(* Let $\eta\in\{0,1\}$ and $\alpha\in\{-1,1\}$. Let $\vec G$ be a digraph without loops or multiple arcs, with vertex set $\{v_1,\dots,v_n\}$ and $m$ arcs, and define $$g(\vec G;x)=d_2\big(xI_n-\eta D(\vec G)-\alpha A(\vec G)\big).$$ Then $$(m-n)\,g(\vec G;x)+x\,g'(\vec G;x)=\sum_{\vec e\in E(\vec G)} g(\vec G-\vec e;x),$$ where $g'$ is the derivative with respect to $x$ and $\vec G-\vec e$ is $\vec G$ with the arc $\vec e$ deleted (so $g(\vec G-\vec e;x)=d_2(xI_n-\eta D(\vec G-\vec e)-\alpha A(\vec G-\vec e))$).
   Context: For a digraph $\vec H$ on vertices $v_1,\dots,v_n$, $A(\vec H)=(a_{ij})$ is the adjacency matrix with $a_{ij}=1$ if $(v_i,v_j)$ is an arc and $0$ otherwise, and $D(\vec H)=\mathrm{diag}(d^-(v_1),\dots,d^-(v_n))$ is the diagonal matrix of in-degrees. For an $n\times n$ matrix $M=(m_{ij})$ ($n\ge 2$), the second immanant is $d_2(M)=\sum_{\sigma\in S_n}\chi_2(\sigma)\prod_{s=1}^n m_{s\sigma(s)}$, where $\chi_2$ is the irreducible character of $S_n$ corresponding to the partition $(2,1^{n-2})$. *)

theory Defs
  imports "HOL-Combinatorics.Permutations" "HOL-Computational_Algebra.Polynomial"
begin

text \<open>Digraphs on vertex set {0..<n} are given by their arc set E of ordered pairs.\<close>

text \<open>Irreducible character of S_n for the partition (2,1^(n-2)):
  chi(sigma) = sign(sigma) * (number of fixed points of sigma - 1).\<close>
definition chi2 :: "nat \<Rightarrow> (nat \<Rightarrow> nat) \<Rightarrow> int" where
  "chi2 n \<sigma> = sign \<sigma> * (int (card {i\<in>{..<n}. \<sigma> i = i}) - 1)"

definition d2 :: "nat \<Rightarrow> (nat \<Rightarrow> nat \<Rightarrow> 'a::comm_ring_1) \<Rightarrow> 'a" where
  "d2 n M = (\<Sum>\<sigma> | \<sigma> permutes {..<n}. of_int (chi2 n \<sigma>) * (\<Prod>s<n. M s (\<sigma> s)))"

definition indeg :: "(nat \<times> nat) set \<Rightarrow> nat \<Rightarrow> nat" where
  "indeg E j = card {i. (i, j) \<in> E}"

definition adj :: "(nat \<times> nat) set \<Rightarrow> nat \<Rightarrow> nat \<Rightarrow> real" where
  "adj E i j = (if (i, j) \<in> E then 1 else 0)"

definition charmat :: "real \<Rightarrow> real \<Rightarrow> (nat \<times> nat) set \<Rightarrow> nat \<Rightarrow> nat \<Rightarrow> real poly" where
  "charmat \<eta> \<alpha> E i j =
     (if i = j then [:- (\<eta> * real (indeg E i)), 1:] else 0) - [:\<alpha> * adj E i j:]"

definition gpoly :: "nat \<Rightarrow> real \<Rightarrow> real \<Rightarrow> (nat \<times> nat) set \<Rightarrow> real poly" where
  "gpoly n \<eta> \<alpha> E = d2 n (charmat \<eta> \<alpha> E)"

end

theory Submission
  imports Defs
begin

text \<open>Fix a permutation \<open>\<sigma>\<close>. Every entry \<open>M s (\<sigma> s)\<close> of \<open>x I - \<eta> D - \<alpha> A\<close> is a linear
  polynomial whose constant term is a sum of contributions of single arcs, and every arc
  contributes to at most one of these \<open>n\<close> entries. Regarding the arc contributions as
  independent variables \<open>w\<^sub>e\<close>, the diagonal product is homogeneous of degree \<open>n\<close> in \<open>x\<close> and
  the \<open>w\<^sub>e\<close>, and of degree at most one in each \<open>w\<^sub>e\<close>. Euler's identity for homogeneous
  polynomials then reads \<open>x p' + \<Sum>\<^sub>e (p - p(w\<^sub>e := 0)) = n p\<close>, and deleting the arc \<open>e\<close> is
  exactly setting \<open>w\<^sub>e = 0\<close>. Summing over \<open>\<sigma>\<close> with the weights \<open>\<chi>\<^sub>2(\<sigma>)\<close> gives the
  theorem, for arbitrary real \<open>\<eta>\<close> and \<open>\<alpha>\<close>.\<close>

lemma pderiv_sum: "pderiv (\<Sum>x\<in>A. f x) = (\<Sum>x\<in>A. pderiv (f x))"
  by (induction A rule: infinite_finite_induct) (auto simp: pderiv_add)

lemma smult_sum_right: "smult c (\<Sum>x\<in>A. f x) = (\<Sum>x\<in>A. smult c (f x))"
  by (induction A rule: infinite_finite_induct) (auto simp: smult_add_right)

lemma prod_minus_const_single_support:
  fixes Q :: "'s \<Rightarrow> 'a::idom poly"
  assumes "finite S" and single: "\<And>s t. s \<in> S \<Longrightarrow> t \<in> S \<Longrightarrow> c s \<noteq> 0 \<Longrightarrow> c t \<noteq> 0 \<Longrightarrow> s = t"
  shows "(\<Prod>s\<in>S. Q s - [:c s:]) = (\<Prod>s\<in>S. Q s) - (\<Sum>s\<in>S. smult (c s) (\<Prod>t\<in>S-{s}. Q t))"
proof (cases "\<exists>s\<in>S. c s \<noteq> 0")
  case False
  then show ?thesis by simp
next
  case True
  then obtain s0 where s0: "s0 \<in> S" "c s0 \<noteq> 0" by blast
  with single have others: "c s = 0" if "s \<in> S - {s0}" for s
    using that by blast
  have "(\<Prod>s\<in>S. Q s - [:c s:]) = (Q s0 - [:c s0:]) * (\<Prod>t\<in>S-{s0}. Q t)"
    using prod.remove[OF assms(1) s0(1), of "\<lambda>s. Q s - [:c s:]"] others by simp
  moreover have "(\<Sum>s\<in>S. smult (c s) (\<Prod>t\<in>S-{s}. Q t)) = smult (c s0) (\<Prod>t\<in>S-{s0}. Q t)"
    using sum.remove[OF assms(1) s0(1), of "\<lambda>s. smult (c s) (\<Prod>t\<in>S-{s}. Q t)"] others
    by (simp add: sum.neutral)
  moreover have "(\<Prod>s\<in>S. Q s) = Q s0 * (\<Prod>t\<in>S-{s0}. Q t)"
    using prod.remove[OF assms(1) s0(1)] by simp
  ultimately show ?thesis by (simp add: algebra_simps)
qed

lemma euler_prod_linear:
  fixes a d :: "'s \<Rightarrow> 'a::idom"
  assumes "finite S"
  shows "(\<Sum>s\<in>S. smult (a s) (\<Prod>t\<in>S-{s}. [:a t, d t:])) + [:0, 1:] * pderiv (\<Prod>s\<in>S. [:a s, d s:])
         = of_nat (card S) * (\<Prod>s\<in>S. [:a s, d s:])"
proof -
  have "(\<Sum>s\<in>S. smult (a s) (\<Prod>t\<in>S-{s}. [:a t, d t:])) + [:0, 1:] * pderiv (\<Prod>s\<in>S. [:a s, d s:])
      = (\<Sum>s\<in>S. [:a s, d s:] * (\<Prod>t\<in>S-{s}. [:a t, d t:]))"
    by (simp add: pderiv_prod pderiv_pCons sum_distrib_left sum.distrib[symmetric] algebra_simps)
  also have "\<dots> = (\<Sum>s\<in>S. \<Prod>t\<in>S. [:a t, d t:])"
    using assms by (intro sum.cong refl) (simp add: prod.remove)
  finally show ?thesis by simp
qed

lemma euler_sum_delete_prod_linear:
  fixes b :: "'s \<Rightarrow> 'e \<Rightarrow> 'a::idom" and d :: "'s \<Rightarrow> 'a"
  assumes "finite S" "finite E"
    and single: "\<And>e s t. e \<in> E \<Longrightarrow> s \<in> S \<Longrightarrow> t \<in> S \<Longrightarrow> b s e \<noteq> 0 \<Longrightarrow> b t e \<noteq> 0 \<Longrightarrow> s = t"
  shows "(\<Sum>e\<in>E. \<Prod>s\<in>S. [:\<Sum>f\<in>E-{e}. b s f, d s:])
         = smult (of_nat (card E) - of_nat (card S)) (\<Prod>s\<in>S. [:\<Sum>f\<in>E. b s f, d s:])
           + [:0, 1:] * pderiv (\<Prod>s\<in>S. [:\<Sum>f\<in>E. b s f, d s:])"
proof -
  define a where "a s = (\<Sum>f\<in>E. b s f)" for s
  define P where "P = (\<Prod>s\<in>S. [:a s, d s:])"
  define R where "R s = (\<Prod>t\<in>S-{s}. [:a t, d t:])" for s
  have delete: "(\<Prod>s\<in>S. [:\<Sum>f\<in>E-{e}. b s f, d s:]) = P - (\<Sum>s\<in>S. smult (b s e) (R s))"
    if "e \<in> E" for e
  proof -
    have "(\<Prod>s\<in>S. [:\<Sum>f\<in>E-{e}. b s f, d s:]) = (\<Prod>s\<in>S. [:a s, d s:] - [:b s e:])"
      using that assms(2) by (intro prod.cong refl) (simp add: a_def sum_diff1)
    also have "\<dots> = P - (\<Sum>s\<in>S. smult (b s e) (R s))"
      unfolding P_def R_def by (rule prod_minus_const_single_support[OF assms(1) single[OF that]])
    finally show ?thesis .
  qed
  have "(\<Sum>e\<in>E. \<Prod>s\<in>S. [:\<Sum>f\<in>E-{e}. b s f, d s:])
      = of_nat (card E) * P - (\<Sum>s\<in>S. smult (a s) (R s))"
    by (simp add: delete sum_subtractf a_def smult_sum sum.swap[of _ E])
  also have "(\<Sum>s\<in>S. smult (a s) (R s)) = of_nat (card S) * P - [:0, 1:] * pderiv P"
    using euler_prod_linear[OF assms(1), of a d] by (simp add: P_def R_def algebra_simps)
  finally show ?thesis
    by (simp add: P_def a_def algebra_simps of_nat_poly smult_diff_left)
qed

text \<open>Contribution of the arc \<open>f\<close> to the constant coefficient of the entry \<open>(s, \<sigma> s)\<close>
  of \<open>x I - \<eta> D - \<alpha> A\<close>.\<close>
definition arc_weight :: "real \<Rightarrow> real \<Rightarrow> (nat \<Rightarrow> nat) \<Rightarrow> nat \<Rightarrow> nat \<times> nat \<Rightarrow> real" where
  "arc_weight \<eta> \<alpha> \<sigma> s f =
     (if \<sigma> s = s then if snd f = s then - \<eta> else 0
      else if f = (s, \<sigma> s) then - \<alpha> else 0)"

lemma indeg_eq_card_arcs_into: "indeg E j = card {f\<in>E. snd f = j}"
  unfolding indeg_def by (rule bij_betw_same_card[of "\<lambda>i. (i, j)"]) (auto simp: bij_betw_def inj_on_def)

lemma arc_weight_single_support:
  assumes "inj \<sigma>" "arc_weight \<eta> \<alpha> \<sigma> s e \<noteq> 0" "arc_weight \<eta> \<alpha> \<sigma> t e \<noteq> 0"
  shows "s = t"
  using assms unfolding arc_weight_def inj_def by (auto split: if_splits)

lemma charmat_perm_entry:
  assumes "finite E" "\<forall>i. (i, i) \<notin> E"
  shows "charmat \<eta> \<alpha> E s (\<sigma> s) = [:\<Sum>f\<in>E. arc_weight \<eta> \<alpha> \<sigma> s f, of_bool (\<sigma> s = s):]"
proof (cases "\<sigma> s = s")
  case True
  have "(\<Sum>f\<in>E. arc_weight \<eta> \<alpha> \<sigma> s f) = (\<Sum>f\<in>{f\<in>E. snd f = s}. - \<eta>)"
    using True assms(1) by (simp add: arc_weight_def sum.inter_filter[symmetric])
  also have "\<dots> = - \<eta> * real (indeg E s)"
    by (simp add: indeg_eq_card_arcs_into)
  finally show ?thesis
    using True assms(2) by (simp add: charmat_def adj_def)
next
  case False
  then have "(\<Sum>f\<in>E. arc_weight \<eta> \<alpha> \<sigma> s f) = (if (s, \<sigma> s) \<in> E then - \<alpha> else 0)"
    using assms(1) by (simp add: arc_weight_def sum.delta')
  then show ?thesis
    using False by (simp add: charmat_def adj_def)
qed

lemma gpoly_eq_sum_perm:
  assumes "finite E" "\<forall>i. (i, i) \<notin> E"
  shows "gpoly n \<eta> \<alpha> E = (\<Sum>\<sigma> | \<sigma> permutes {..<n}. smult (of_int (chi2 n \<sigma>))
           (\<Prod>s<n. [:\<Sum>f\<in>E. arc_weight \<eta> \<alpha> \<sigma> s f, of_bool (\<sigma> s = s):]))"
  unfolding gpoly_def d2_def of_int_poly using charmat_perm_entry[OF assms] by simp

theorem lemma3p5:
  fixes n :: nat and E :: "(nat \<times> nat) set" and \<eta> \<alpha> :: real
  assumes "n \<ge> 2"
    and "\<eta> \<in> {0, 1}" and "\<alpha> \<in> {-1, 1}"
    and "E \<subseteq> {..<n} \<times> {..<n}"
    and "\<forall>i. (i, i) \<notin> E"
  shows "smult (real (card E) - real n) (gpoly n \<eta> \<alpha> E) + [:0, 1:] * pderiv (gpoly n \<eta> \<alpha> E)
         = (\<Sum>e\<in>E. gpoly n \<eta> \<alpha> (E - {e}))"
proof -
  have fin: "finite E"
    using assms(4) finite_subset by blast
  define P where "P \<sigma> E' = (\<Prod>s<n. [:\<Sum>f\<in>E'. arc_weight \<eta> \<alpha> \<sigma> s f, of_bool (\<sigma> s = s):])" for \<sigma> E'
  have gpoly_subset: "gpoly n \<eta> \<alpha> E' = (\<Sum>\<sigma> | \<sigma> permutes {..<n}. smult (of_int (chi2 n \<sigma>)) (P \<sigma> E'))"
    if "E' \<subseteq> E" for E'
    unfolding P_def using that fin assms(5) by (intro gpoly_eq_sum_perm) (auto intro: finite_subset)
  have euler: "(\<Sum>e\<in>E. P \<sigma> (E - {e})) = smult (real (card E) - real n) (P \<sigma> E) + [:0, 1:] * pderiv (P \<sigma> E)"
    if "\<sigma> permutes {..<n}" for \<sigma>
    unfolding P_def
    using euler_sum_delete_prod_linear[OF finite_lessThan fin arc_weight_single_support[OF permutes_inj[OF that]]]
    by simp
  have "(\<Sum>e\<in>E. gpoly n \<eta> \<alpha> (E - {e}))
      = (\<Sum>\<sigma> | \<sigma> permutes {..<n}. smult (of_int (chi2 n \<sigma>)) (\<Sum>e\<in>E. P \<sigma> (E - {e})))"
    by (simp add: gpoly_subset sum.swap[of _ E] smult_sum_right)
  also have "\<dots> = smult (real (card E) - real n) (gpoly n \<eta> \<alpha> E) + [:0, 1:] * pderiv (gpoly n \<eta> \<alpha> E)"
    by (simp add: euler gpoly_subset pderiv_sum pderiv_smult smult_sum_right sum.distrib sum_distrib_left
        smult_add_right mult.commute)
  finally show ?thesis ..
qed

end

--

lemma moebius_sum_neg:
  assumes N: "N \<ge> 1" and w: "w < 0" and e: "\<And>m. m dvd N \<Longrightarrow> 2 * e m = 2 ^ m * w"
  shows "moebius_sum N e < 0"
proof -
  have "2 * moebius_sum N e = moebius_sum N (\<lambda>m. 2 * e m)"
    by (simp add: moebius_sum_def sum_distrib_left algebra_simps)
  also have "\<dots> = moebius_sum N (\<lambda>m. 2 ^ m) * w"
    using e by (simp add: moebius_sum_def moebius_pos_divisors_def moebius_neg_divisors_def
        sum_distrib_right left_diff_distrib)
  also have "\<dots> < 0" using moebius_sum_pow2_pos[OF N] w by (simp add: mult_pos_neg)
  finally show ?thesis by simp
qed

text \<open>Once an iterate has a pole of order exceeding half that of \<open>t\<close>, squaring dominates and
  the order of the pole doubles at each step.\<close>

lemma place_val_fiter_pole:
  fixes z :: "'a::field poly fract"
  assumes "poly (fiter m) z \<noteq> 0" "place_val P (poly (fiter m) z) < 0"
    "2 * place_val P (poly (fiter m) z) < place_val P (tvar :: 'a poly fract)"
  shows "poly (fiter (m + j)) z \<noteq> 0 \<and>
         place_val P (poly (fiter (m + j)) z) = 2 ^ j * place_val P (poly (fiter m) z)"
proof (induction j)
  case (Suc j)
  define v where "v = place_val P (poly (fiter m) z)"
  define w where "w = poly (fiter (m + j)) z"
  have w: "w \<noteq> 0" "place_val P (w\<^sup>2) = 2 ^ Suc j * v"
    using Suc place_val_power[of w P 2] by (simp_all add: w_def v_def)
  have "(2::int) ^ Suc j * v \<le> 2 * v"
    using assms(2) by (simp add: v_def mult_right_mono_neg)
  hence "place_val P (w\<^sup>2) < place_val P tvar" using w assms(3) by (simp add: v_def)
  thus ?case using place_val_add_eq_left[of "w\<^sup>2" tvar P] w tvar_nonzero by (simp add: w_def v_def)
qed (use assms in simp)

==

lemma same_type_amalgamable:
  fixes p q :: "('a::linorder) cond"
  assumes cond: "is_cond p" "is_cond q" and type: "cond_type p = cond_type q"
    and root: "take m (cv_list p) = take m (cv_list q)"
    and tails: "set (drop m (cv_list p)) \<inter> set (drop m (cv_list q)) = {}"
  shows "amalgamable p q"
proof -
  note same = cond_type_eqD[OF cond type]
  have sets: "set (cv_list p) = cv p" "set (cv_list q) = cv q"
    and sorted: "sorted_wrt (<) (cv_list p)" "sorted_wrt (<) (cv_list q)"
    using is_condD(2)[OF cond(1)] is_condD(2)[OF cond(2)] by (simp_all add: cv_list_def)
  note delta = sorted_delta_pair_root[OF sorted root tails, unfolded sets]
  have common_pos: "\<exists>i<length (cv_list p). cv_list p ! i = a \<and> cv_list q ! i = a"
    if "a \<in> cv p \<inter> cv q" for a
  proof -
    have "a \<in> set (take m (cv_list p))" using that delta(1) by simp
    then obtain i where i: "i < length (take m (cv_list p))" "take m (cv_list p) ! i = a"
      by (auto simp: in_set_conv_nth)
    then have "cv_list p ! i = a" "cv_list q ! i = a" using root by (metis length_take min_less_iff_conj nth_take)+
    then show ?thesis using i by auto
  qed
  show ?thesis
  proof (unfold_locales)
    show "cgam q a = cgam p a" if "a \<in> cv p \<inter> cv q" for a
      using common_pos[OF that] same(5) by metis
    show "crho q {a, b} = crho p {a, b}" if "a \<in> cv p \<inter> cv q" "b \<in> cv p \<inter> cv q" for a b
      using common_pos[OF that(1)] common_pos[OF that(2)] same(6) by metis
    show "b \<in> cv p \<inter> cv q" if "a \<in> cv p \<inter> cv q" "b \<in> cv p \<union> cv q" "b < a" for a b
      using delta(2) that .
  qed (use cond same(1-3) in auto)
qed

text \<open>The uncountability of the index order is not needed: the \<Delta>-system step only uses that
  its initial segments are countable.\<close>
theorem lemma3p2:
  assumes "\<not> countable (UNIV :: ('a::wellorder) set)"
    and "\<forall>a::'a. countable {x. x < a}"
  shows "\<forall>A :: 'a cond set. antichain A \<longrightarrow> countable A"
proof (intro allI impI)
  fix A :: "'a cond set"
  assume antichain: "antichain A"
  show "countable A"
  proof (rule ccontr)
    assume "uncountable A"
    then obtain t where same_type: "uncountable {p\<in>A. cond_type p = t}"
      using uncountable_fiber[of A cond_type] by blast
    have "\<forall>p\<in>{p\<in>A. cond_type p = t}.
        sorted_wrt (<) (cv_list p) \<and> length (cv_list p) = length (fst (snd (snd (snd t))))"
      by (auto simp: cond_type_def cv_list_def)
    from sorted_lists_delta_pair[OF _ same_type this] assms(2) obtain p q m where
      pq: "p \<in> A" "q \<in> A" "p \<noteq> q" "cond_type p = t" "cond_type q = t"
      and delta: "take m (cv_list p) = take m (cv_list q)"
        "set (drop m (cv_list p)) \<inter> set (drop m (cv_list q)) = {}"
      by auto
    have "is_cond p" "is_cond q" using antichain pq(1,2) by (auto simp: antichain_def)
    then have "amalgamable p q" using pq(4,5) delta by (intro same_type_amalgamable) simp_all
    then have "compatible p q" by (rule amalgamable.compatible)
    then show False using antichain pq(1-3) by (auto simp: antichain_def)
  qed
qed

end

**Task**. Every line of the material that holds "symmetric" should be copied out as the answer.

**Task result**.
    by (simp add: pderiv_prod pderiv_pCons sum_distrib_left sum.distrib[symmetric] algebra_simps)
    using True assms(1) by (simp add: arc_weight_def sum.inter_filter[symmetric])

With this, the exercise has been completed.